[What you will do] When you reach the line with "t)) \<in> borel_measurable" in the data below, begin printing lines exactly, and stop once the line with "obtain e where" has been printed.

====== Data records

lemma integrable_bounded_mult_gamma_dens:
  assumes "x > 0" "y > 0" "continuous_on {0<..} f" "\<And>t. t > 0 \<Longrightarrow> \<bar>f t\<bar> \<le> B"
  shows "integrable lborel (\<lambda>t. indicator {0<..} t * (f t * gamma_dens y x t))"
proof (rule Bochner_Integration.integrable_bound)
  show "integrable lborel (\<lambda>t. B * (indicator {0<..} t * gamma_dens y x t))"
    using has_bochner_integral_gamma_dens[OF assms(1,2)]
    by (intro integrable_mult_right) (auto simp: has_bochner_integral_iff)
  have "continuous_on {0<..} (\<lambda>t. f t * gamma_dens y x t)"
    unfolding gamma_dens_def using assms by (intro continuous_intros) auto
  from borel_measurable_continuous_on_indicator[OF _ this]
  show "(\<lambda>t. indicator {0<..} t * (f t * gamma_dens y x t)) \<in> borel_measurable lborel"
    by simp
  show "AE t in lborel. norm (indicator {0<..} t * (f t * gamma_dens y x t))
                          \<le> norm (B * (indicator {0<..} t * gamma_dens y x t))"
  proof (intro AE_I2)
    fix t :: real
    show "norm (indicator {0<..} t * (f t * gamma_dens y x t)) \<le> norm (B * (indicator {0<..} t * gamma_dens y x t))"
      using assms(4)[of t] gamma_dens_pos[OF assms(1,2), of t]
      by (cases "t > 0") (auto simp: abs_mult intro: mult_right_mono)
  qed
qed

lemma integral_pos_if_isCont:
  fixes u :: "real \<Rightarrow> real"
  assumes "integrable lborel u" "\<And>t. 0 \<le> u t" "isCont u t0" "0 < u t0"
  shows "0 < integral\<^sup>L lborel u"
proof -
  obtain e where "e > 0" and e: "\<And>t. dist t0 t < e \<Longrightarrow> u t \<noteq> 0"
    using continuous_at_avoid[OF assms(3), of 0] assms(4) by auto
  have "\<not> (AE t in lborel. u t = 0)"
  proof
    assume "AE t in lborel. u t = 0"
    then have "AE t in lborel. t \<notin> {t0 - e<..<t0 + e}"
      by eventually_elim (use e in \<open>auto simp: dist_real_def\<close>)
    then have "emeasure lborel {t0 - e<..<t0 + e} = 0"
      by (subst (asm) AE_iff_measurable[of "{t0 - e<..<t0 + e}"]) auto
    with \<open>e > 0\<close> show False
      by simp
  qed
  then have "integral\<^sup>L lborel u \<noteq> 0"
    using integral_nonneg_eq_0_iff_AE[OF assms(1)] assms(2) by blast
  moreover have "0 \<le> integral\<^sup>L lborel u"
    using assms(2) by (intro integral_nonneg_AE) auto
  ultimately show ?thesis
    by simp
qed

============

[Result of this exercise]
  show "(\<lambda>t. indicator {0<..} t * (f t * gamma_dens y x t)) \<in> borel_measurable lborel"
    by simp
  show "AE t in lborel. norm (indicator {0<..} t * (f t * gamma_dens y x t))
                          \<le> norm (B * (indicator {0<..} t * gamma_dens y x t))"
  proof (intro AE_I2)
    fix t :: real
    show "norm (indicator {0<..} t * (f t * gamma_dens y x t)) \<le> norm (B * (indicator {0<..} t * gamma_dens y x t))"
      using assms(4)[of t] gamma_dens_pos[OF assms(1,2), of t]
      by (cases "t > 0") (auto simp: abs_mult intro: mult_right_mono)
  qed
qed

lemma integral_pos_if_isCont:
  fixes u :: "real \<Rightarrow> real"
  assumes "integrable lborel u" "\<And>t. 0 \<le> u t" "isCont u t0" "0 < u t0"
  shows "0 < integral\<^sup>L lborel u"
proof -
  obtain e where "e > 0" and e: "\<And>t. dist t0 t < e \<Longrightarrow> u t \<noteq> 0"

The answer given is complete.